Subida al cielo (1952, Luis Buñuel) drips with all the hothouse eroticism its tropical climate and surrealist imagery can evoke. The Eve in this garden is Lilia Prado, as RAQUEL. And if you’ve ever heard one of those gender inequality discussions where someone suggests that what were to happen if genders were switched between two people or characters in question would be either unacceptable or acceptable—the opposite of the source the comparison was based on—you’ll have an idea of how Raquel can stand as ideal of a male unabashedly racking up a list of all the women he’s bedded. You know, like what it means to one who plays the field—a sportfuck.

     In other words think of it sounding something like: why is she perceived as a slut for making sexual advances to OLIVERIO and ELADIO but if a guy did it he’d be seen as virile, or at the very least free of condemnation. (Also it bothers me how in that early scene when Raquel is trying to get Oliverio’s attention and he flees from her the other men in the saloon cackle like a pack of hyenas.) But the magnificence of the plot of Subida al cielo is how well it playfully subverts genre conventions—so much so as to be to the point of feigning innocence.

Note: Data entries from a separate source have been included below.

(* Let $\operatorname{R}_3=\{a_0,a_1,a_2\}$ be the dihedral quandle of order $3$, with $a_ia_j=a_{2j-i \pmod 3}$. Then the set of non-zero maximal quandles in $\mathbb{Z}_2[\operatorname{R}_3]$ is $$\operatorname{mq}(\mathbb{Z}_2[\operatorname{R}_3])=\Big\{\{a_0+a_1+a_2\},~\operatorname{R}_3,~\{a_0+a_1,\,a_0+a_2,\,a_1+a_2\}\Big\},$$ and the quandle $\{a_0+a_1,\,a_0+a_2,\,a_1+a_2\}$ is isomorphic to $\operatorname{R}_3$.
   Context: A quandle is a non-empty set with a binary operation $(u,v)\mapsto uv$ such that $uu=u$; for all $u,v$ there is a unique $w$ with $u=wv$; and $(uv)w=(uw)(vw)$. For a quandle $Q$, the quandle ring $\mathbb{Z}_2[Q]$ is the $\mathbb{Z}_2$-vector space with basis $Q$, with multiplication $\big(\sum_i\alpha_i q_i\big)\big(\sum_j\beta_j q_j\big)=\sum_{i,j}\alpha_i\beta_j (q_iq_j)$. A quandle in $\mathbb{Z}_2[Q]$ is a subset closed under the ring multiplication which is a quandle under the restricted multiplication. $\operatorname{mq}(\mathbb{Z}_2[Q])$ is the set of all quandles in $\mathbb{Z}_2[Q]$ different from $\{0\}$ that are maximal with respect to inclusion among quandles in $\mathbb{Z}_2[Q]$. *)

theory Defs
  imports Main
begin

definition is_quandle :: "'a set \<Rightarrow> ('a \<Rightarrow> 'a \<Rightarrow> 'a) \<Rightarrow> bool" where
  "is_quandle Q m \<longleftrightarrow> Q \<noteq> {}
     \<and> (\<forall>u\<in>Q. \<forall>v\<in>Q. m u v \<in> Q)
     \<and> (\<forall>u\<in>Q. m u u = u)
     \<and> (\<forall>u\<in>Q. \<forall>v\<in>Q. \<exists>!w. w \<in> Q \<and> u = m w v)
     \<and> (\<forall>u\<in>Q. \<forall>v\<in>Q. \<forall>w\<in>Q. m (m u v) w = m (m u w) (m v w))"

definition quandle_iso :: "'a set \<Rightarrow> ('a \<Rightarrow> 'a \<Rightarrow> 'a) \<Rightarrow> 'b set \<Rightarrow> ('b \<Rightarrow> 'b \<Rightarrow> 'b) \<Rightarrow> bool" where
  "quandle_iso Q m P n \<longleftrightarrow>
     (\<exists>f. bij_betw f Q P \<and> (\<forall>u\<in>Q. \<forall>v\<in>Q. f (m u v) = n (f u) (f v)))"

text \<open>The quandle ring Z_2[Q]: an element is identified with its support, i.e. the finite
  set of basis elements q in Q with coefficient 1 (coefficients in Z_2). The zero element is
  the empty set; addition is symmetric difference.\<close>
definition qring :: "'a set \<Rightarrow> 'a set set" where
  "qring Q = {x. x \<subseteq> Q \<and> finite x}"

definition qmul :: "('a \<Rightarrow> 'a \<Rightarrow> 'a) \<Rightarrow> 'a set \<Rightarrow> 'a set \<Rightarrow> 'a set" where
  "qmul m x y = {q. odd (card {(u, v). u \<in> x \<and> v \<in> y \<and> m u v = q})}"

definition quandle_in :: "'a set \<Rightarrow> ('a \<Rightarrow> 'a \<Rightarrow> 'a) \<Rightarrow> 'a set set \<Rightarrow> bool" where
  "quandle_in Q m X \<longleftrightarrow> X \<subseteq> qring Q \<and> is_quandle X (qmul m)"

definition mq :: "'a set \<Rightarrow> ('a \<Rightarrow> 'a \<Rightarrow> 'a) \<Rightarrow> 'a set set set" where
  "mq Q m = {X. quandle_in Q m X \<and> X \<noteq> {{}}
              \<and> (\<forall>Y. quandle_in Q m Y \<and> X \<subseteq> Y \<longrightarrow> Y = X)}"

text \<open>Dihedral quandle R_3 with a_i = i, carrier {0,1,2}, a_i a_j = a_{(2j - i) mod 3}.\<close>
definition R3 :: "nat set" where "R3 = {0, 1, 2}"

definition r3op :: "nat \<Rightarrow> nat \<Rightarrow> nat" where
  "r3op i j = nat ((2 * int j - int i) mod 3)"

end

theory Submission
  imports Defs
begin
(* Let $Q$ be a compact metric space, $Q_0\subset Q$ open, $Q_1=Q\setminus Q_0$, $p_0:Q_0\to[0,+\infty)$ lower semicontinuous, $c:Q\times Q\to[0,+\infty)$ continuous with $c(x,x)=0$ for all $x$, and $f$ a nonnegative Radon measure on $Q$ of positive mass. Let $\mathcal A=\{p:Q\to\mathbb{R}\ :\ p=p_0\text{ on }Q_0,\ p\text{ lower semicontinuous on }Q\}$. Let $p\in\mathcal A$ with $p\ge0$, set $w=w_p$, define $\tilde u(y)=\inf_{x\in Q}\{c(x,y)-w(x)\}$ for $y\in Q_1$, and $\tilde p=p_0$ on $Q_0$, $\tilde p=-\tilde u$ on $Q_1$. Then (i) $v_{\tilde p}=v_p$, $\tilde p\le p$ on $Q_1$, and $\tilde p\ge0$ on $Q$; (ii) $T_p(x)\cap Q_1\subset T_{\tilde p}(x)\cap Q_1$ for all $x\in\Omega_1(p)$; (iii) $\Omega_1(p)\subset\Omega_1(\tilde p)=\{w\le v_0\}$; (iv) $T_{\tilde p}(x)\cap Q_1=\partial^{1,c}w(x)$ for all $x\in\Omega_1(\tilde p)$; and consequently $\Pi(\tilde p)\ge\Pi(p)$ and $$\Pi(\tilde p)=\int_{\{w\le v_0\}}\Big(w(x)-\min_{y\in\partial^{1,c}w(x)}c(x,y)\Big)\,df(x).$$
   Context: For $p\in\mathcal A$ and $x\in Q$: $v_p(x)=\min_{y\in Q}\{c(x,y)+p(y)\}$, $T_p(x)=\{y\in Q: c(x,y)+p(y)=v_p(x)\}$, $v_0(x)=\inf_{y\in Q_0}\{c(x,y)+p_0(y)\}$, $w_p(x)=\inf_{y\in Q_1}\{c(x,y)+p(y)\}$ (so $v_p=\min(v_0,w_p)$). $\Omega_1(p)=\{x\in Q: T_p(x)\cap Q_1\ne\emptyset\}$. The profit is $\Pi(p)=\int_{\Omega_1(p)}\big(\max_{y\in T_p(x)\cap Q_1}p(y)\big)\,df(x)$. For a function $w$ of the form $w(x)=\inf_{y\in Q_1}\{c(x,y)-u(y)\}$ with $u:Q_1\to\mathbb{R}$ bounded above (called $(Q_1,c)$-concave), $w^c(y)=\inf_{x\in Q}\{c(x,y)-w(x)\}$ for $y\in Q_1$, and $\partial^{1,c}w(x)=\{y\in Q_1: w(x)+w^c(y)=c(x,y)\}$. *)

theory Defs
  imports "HOL-Analysis.Analysis"
begin

text \<open>Setting: the compact metric space Q is the whole (compact) type 'a; Q0 is an open
  subset and Q1 = - Q0. Infima are taken in ereal so that an infimum over an empty set is
  +infinity, as in the paper.\<close>

definition lsc_on :: "'a::topological_space set \<Rightarrow> ('a \<Rightarrow> real) \<Rightarrow> bool" where
  "lsc_on S g \<longleftrightarrow> (\<forall>x\<in>S. \<forall>t. t < g x \<longrightarrow> (\<forall>\<^sub>F y in at x within S. t < g y))"

definition vfun :: "('a \<Rightarrow> 'a \<Rightarrow> real) \<Rightarrow> ('a \<Rightarrow> real) \<Rightarrow> 'a \<Rightarrow> ereal" where
  "vfun c p x = (INF y. ereal (c x y + p y))"

definition Tset :: "('a \<Rightarrow> 'a \<Rightarrow> real) \<Rightarrow> ('a \<Rightarrow> real) \<Rightarrow> 'a \<Rightarrow> 'a set" where
  "Tset c p x = {y. ereal (c x y + p y) = vfun c p x}"

definition v0fun :: "('a \<Rightarrow> 'a \<Rightarrow> real) \<Rightarrow> 'a set \<Rightarrow> ('a \<Rightarrow> real) \<Rightarrow> 'a \<Rightarrow> ereal" where
  "v0fun c Q0 p0 x = (INF y\<in>Q0. ereal (c x y + p0 y))"

definition wfun :: "('a \<Rightarrow> 'a \<Rightarrow> real) \<Rightarrow> 'a set \<Rightarrow> ('a \<Rightarrow> real) \<Rightarrow> 'a \<Rightarrow> ereal" where
  "wfun c Q0 p x = (INF y\<in>- Q0. ereal (c x y + p y))"

definition Omega1 :: "('a \<Rightarrow> 'a \<Rightarrow> real) \<Rightarrow> 'a set \<Rightarrow> ('a \<Rightarrow> real) \<Rightarrow> 'a set" where
  "Omega1 c Q0 p = {x. Tset c p x \<inter> - Q0 \<noteq> {}}"

definition Profit :: "('a \<Rightarrow> 'a \<Rightarrow> real) \<Rightarrow> 'a set \<Rightarrow> 'a measure \<Rightarrow> ('a \<Rightarrow> real) \<Rightarrow> real" where
  "Profit c Q0 f p = (LINT x:Omega1 c Q0 p|f. Sup (p ` (Tset c p x \<inter> - Q0)))"

definition cconj :: "('a \<Rightarrow> 'a \<Rightarrow> real) \<Rightarrow> ('a \<Rightarrow> ereal) \<Rightarrow> 'a \<Rightarrow> ereal" where
  "cconj c w y = (INF x. ereal (c x y) - w x)"

definition csubdiff :: "('a \<Rightarrow> 'a \<Rightarrow> real) \<Rightarrow> 'a set \<Rightarrow> ('a \<Rightarrow> ereal) \<Rightarrow> 'a \<Rightarrow> 'a set" where
  "csubdiff c Q0 w x = {y\<in>- Q0. w x + cconj c w y = ereal (c x y)}"

definition ptilde :: "('a \<Rightarrow> 'a \<Rightarrow> real) \<Rightarrow> 'a set \<Rightarrow> ('a \<Rightarrow> real) \<Rightarrow> ('a \<Rightarrow> real) \<Rightarrow> 'a \<Rightarrow> real" where
  "ptilde c Q0 p0 p y = (if y \<in> Q0 then p0 y else - real_of_ereal (cconj c (wfun c Q0 p) y))"

end

theory Submission
  imports Defs
begin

     Raquel wants to get laid. When she wants. With whom she wants. Forget all that crap about Oliverio’s terminally ill mom having her kids chiseling away at their inheritance on her deathbed; that’s boring and inessential. Although it feels like in a way this movie has to concede to deceptively be about Oliverio. Even better. It’s like because he’s a guy who just got married and is trying to do what’s right by the estate of his mother he’s noble or something.



The twist ending is a stunner. In a way it’s such a subtle twist I’d never noticed it before. But, that scene where Oliverio has that vision of Raquel eating of the apple and she says “I got what I wanted,” it’s as if she ate the forbidden fruit of the garden but irl gets away clean. And as if that weren’t thrillingly mischievous enough, Oliverio doesn’t suffer any punishment either—aside from him feeling swindled of his faithfulness to his newlywed bride.

     Buñuel’s cinematic artistry is on full display, with say, starting with the intoxicating eroticism of Raquel hiking her wet skirt up as she exits the bus to wade in the shallow river and going for a dip in her swimsuit. And then foremost a whole giant chunk of the movie gives way to a full on surrealist dream sequence. What is essentially a sex fantasy Oli has about Raquel becomes charged with a moral gravitas as his desperate struggle against the will of his libido to submit to his faithful wife turns on him, revealing her face to now be that of Raquel as well. But visually, so much to appreciate. The tropical jungle in the bus! Eating his mother's knitting! What are those sheep doing there running around while Raquel and Oli are having sex? Oh, Don Luis. What a master.